Data Science Asked by user4446237 on May 9, 2021
I am trying find commonly used techniques when dealing with high cardinality multi-valued categorical variables for machine learning classification algorithms.
One-hot encoding leads to very high dimensionality. The approach I’ve landed on is target-encoding/mean-encoding. I understand how to use this when the categorical feature is a single choice (eg current zip code). But, when the feature can take on multiple values from a large list (eg favorite hobbies, illness symptoms, university coursework), I am not sure how to combine the values.

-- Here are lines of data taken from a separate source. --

lemma grad_w_lipschitz_w:
  assumes "x \<in> X" "x' \<in> X" "z \<in> Y" "z' \<in> Y" "p \<in> Y \<times> \<Lambda>"
  shows "norm (grad_w ((x', z', uv'), p) - grad_w ((x, z, uv), p))
    \<le> (Lf + \<rho> * Lg + \<tau>) * norm ((x', z', uv') - (x, z, uv))"
proof -
  obtain y l where p: "p = (y, l)" by (cases p)
  define N where "N = norm ((x', z', uv') - (x, z, uv))"
  have "norm (fst (grad F (x', p)) - fst (grad F (x, p))) \<le> Lf * norm (x' - x)"
    using grad_F_components_lipschitz(1)[of "(x', p)" "(x, p)"] assms by simp
  also have "\<dots> \<le> Lf * N"
    unfolding N_def by (rule mult_left_mono[OF norm_components_le(1) Lf_nonneg])
  finally have "norm (fst (grad F (x', p)) - fst (grad F (x, p))) \<le> Lf * N" .
  moreover have "norm (\<rho> *\<^sub>R (fst (grad g (z', l)) - fst (grad g (z, l)))) \<le> \<rho> * (Lg * N)"
  proof -
    have "norm (fst (grad g (z', l)) - fst (grad g (z, l))) \<le> Lg * norm (z' - z)"
      using grad_g_components_lipschitz(1)[of "(z', l)" "(z, l)"] assms p by simp
    also have "\<dots> \<le> Lg * N"
      unfolding N_def by (rule mult_left_mono[OF norm_components_le(2) Lg_nonneg])
    finally show ?thesis using rho_pos by (simp add: mult_left_mono)
  qed
  moreover have "norm (\<tau> *\<^sub>R (uv - uv')) \<le> \<tau> * N"
  proof -
    have "norm (\<tau> *\<^sub>R (uv - uv')) = \<tau> * norm (uv' - uv)"
      using tau_pos by (simp add: norm_minus_commute)
    then show ?thesis
      using norm_components_le(3) tau_pos by (simp add: N_def mult_left_mono)
  qed
  moreover have "grad_w ((x', z', uv'), p) - grad_w ((x, z, uv), p) =
     (fst (grad F (x', p)) - fst (grad F (x, p)), \<rho> *\<^sub>R (fst (grad g (z', l)) - fst (grad g (z, l))),
      \<tau> *\<^sub>R (uv - uv'))"
    by (simp add: grad_w_def p algebra_simps)
  moreover have "norm (a, b, d) \<le> norm a + norm b + norm d" for a :: 'x and b :: 'y and d :: "'y \<times> 'l"
    using norm_Pair_le[of a "(b, d)"] norm_Pair_le[of b d] by linarith
  ultimately have "norm (grad_w ((x', z', uv'), p) - grad_w ((x, z, uv), p)) \<le> Lf * N + \<rho> * (Lg * N) + \<tau> * N"
    by (smt (verit))
  then show ?thesis by (simp add: N_def algebra_simps)
qed

lemma grad_w_lipschitz_p:
  assumes "x \<in> X" "z \<in> Y" "p \<in> Y \<times> \<Lambda>" "p' \<in> Y \<times> \<Lambda>"
  shows "norm (grad_w ((x, z, uv), p) - grad_w ((x, z, uv), p'))
    \<le> sqrt (Lf\<^sup>2 + \<rho>\<^sup>2 * Lg\<^sup>2 + \<tau>\<^sup>2) * norm (p - p')"
proof -
  obtain y l where p: "p = (y, l)" by (cases p)
  obtain y' l' where p': "p' = (y', l')" by (cases p')
  define N where "N = norm (p - p')"
  have "norm (fst (grad F (x, p)) - fst (grad F (x, p'))) \<le> Lf * N"
    using grad_F_components_lipschitz(1)[of "(x, p)" "(x, p')"] assms by (simp add: N_def)
  then have F: "(norm (fst (grad F (x, p)) - fst (grad F (x, p'))))\<^sup>2 \<le> Lf\<^sup>2 * N\<^sup>2"
    by (simp add: power_mono flip: power_mult_distrib)
  have "norm (fst (grad g (z, l)) - fst (grad g (z, l'))) \<le> Lg * N"
    using grad_g_components_lipschitz(1)[of "(z, l)" "(z, l')"] assms p p'
      mult_left_mono[OF norm_snd_diff_le[of p p'] Lg_nonneg]
    by (simp add: N_def)
  then have "(norm (fst (grad g (z, l)) - fst (grad g (z, l'))))\<^sup>2 \<le> Lg\<^sup>2 * N\<^sup>2"
    by (simp add: power_mono flip: power_mult_distrib)
  then have g: "(norm (\<rho> *\<^sub>R (fst (grad g (z, l)) - fst (grad g (z, l')))))\<^sup>2 \<le> \<rho>\<^sup>2 * Lg\<^sup>2 * N\<^sup>2"
    by (simp add: power_mult_distrib mult_left_mono mult.assoc)
  have "grad_w ((x, z, uv), p) - grad_w ((x, z, uv), p') =
     (fst (grad F (x, p)) - fst (grad F (x, p')), \<rho> *\<^sub>R (fst (grad g (z, l)) - fst (grad g (z, l'))),
      \<tau> *\<^sub>R (p - p'))"
    by (simp add: grad_w_def p p' algebra_simps)
  then have "(norm (grad_w ((x, z, uv), p) - grad_w ((x, z, uv), p')))\<^sup>2
      = (norm (fst (grad F (x, p)) - fst (grad F (x, p'))))\<^sup>2
        + (norm (\<rho> *\<^sub>R (fst (grad g (z, l)) - fst (grad g (z, l')))))\<^sup>2 + \<tau>\<^sup>2 * N\<^sup>2"
    using tau_pos by (simp add: norm_Pair N_def power_mult_distrib)
  also have "\<dots> \<le> (Lf\<^sup>2 + \<rho>\<^sup>2 * Lg\<^sup>2 + \<tau>\<^sup>2) * N\<^sup>2"
    using F g by (simp add: algebra_simps)
  finally have "(norm (grad_w ((x, z, uv), p) - grad_w ((x, z, uv), p')))\<^sup>2
      \<le> (Lf\<^sup>2 + \<rho>\<^sup>2 * Lg\<^sup>2 + \<tau>\<^sup>2) * N\<^sup>2" .
  then have "norm (grad_w ((x, z, uv), p) - grad_w ((x, z, uv), p'))
      \<le> sqrt ((Lf\<^sup>2 + \<rho>\<^sup>2 * Lg\<^sup>2 + \<tau>\<^sup>2) * N\<^sup>2)"
    by (rule real_le_rsqrt)
  then show ?thesis
    by (simp add: N_def real_sqrt_mult)
qed

sublocale family: strongly_concave_family Qjoint grad_w grad_p "X \<times> Y \<times> UNIV" "Y \<times> \<Lambda>" \<kappa> "LP + \<tau>"
  "Lf + \<rho> * Lg + \<tau>" "sqrt (Lf\<^sup>2 + \<rho>\<^sup>2 * Lg\<^sup>2 + \<tau>\<^sup>2)"
proof
  show "convex (X \<times> Y \<times> (UNIV :: ('y \<times> 'l) set))"
    using X Y by (intro convex_Times) auto
  show "Y \<times> \<Lambda> \<noteq> {}" "convex (Y \<times> \<Lambda>)" "compact (Y \<times> \<Lambda>)"
    using Y Lam by (auto intro: convex_Times compact_Times)
  show "0 \<le> Lf + \<rho> * Lg + \<tau>"
    using Lf_nonneg Lg_nonneg rho_pos tau_pos by (intro add_nonneg_nonneg mult_nonneg_nonneg) auto
qed (use has_derivative_Qjoint kappa_pos grad_p_monotone grad_w_lipschitz_w grad_p_lipschitz_w
      grad_w_lipschitz_p in force)+

lemma vartheta_eq_maxval: "vartheta fbar A B c g \<rho> \<tau> Y \<Lambda> w = family.maxval w"
  unfolding vartheta_def family.maxval_def
  by (cases w) (simp add: Qfun_eq_Qjoint case_prod_beta)

lemma L\<theta>_bound:
  "(Lf + \<rho> * Lg + \<tau>) / 2 + sqrt (Lf\<^sup>2 + \<rho>\<^sup>2 * Lg\<^sup>2 + \<tau>\<^sup>2) * (2 * (Lf + \<rho> * Lg + \<tau>) / \<kappa>) \<le> L\<theta>"
proof -
  define c where "c = Lf + \<rho> * Lg"
  define b where "b = sqrt (Lf\<^sup>2 + \<rho>\<^sup>2 * Lg\<^sup>2 + \<tau>\<^sup>2)"
  have "0 \<le> \<rho> * Lg" using rho_pos Lg_nonneg by simp
  moreover have "2 * \<rho> * Lg = 2 * (\<rho> * Lg)" by simp
  ultimately have "0 \<le> c" "c \<le> \<tau>" "c + \<tau> \<le> LP + \<tau>"
    using Lf_nonneg tau kappa_pos unfolding c_def by linarith+
  have "Lf\<^sup>2 + \<rho>\<^sup>2 * Lg\<^sup>2 \<le> c\<^sup>2"
    using Lf_nonneg \<open>0 \<le> \<rho> * Lg\<close> by (simp add: c_def power2_eq_square algebra_simps)
  moreover have "c\<^sup>2 \<le> c * \<tau>"
    using \<open>0 \<le> c\<close> \<open>c \<le> \<tau>\<close> by (simp add: power2_eq_square mult_left_mono)
  moreover have "((c + 2 * \<tau>) / 2)\<^sup>2 = c\<^sup>2 / 4 + c * \<tau> + \<tau>\<^sup>2"
    by (simp add: power2_eq_square field_simps)
  ultimately have "Lf\<^sup>2 + \<rho>\<^sup>2 * Lg\<^sup>2 + \<tau>\<^sup>2 \<le> ((c + 2 * \<tau>) / 2)\<^sup>2"
    using zero_le_power2[of c] by linarith
  then have "b \<le> (c + 2 * \<tau>) / 2"
    unfolding b_def using \<open>0 \<le> c\<close> tau_pos by (intro real_le_lsqrt) auto
  then have "2 * b * (c + \<tau>) \<le> (c + 2 * \<tau>) * (c + \<tau>)"
    using \<open>0 \<le> c\<close> tau_pos by (intro mult_right_mono) auto
  then have "2 * b * (c + \<tau>) / \<kappa> \<le> (c + 2 * \<tau>) * (c + \<tau>) / \<kappa>"
    using kappa_pos by (intro divide_right_mono) auto
  moreover have "b * (2 * (c + \<tau>) / \<kappa>) = 2 * b * (c + \<tau>) / \<kappa>"
    by simp
  ultimately have "b * (2 * (c + \<tau>) / \<kappa>) \<le> (c + 2 * \<tau>) * (c + \<tau>) / \<kappa>"
    by (simp only:)
  also have "\<dots> \<le> (c + 2 * \<tau>) * (LP + \<tau>) / \<kappa>"
    using \<open>c + \<tau> \<le> LP + \<tau>\<close> \<open>0 \<le> c\<close> tau_pos kappa_pos
    by (intro divide_right_mono mult_left_mono) auto
  finally have "(c + \<tau>) / 2 + b * (2 * (c + \<tau>) / \<kappa>) \<le> (c + 2 * \<tau>) + (c + 2 * \<tau>) * (LP + \<tau>) / \<kappa>"
    using \<open>0 \<le> c\<close> tau_pos by (intro add_mono) auto
  also have "\<dots> = L\<theta>"
    by (simp add: c_def algebra_simps)
  finally show ?thesis unfolding c_def b_def by (simp add: add.assoc)
qed

end

section \<open>The PG-MAD iterates\<close>

locale pg_mad = pg_mad_problem X Y \<Lambda> fbar A B c g Lf Lg \<rho> \<kappa> \<tau>
  for X :: "'x::euclidean_space set" and Y :: "'y::euclidean_space set"
    and \<Lambda> :: "'l::euclidean_space set"
    and fbar A B c g Lf Lg \<rho> \<kappa> \<tau> +
  fixes \<alpha>x \<alpha>y :: real and T K :: nat
    and x :: "nat \<Rightarrow> 'x" and z u :: "nat \<Rightarrow> 'y" and v :: "nat \<Rightarrow> 'l"
    and y :: "nat \<Rightarrow> 'y" and lam :: "nat \<Rightarrow> 'l"
    and yin :: "nat \<Rightarrow> nat \<Rightarrow> 'y" and lin :: "nat \<Rightarrow> nat \<Rightarrow> 'l"
  assumes ay: "0 < \<alpha>y" "\<alpha>y < 1 / (LP + \<tau>)"
    and ax: "0 < \<alpha>x" "\<alpha>x < 1 / L\<theta>"
    and init: "x 0 \<in> X" "z 0 \<in> Y" "y 0 \<in> Y" "lam 0 \<in> \<Lambda>"
    and inner0: "\<And>k. k < K \<Longrightarrow> yin k 0 = y k \<and> lin k 0 = lam k"
    and inner_step: "\<And>k t. k < K \<Longrightarrow> t < T \<Longrightarrow>
        yin k (Suc t) = closest_point Y (yin k t + \<alpha>y *\<^sub>R
          fst (grad (\<lambda>p. Qfun fbar A B c g \<rho> \<tau> (x k) (z k) (u k) (v k) (fst p) (snd p)) (yin k t, lin k t))) \<and>
        lin k (Suc t) = closest_point \<Lambda> (lin k t + \<alpha>y *\<^sub>R
          snd (grad (\<lambda>p. Qfun fbar A B c g \<rho> \<tau> (x k) (z k) (u k) (v k) (fst p) (snd p)) (yin k t, lin k t)))"
    and outer_yl: "\<And>k. k < K \<Longrightarrow> y (Suc k) = yin k T \<and> lam (Suc k) = lin k T"
    and outer_x: "\<And>k. k < K \<Longrightarrow>
        x (Suc k) = closest_point X (x k - \<alpha>x *\<^sub>R fst (grad F (x k, y (Suc k), lam (Suc k))))"
    and outer_z: "\<And>k. k < K \<Longrightarrow>
        z (Suc k) = closest_point Y (z k - (\<alpha>x * \<rho>) *\<^sub>R fst (grad g (z k, lam (Suc k))))"
    and outer_u: "\<And>k. k < K \<Longrightarrow> u (Suc k) = (1 + \<alpha>x * \<tau>) *\<^sub>R u k - (\<alpha>x * \<tau>) *\<^sub>R y (Suc k)"
    and outer_v: "\<And>k. k < K \<Longrightarrow> v (Suc k) = (1 + \<alpha>x * \<tau>) *\<^sub>R v k - (\<alpha>x * \<tau>) *\<^sub>R lam (Suc k)"
begin

definition w :: "nat \<Rightarrow> 'x \<times> 'y \<times> 'y \<times> 'l" where
  "w k = (x k, z k, u k, v k)"

definition p :: "nat \<Rightarrow> nat \<Rightarrow> 'y \<times> 'l" where
  "p k t = (yin k t, lin k t)"

lemma closed_sets: "closed X" "closed Y" "closed \<Lambda>"
  using X Y Lam by (simp_all add: compact_imp_closed)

My intuition says that the wrong approach would be to take each unique combination as its own factor and encode that, as it would lead to overfitting. Other things that come to mind would be simple aggregations like sum/avg/product/variance.
How should target encoded values be combined?
There are several options:
Domain knowledge - Given what you know about the domain, combine the categories that make the most sense.
Empirical - Treat combing categories as a hyperparameter. Search through the space of options and pick the best combinations based on cross-validation score.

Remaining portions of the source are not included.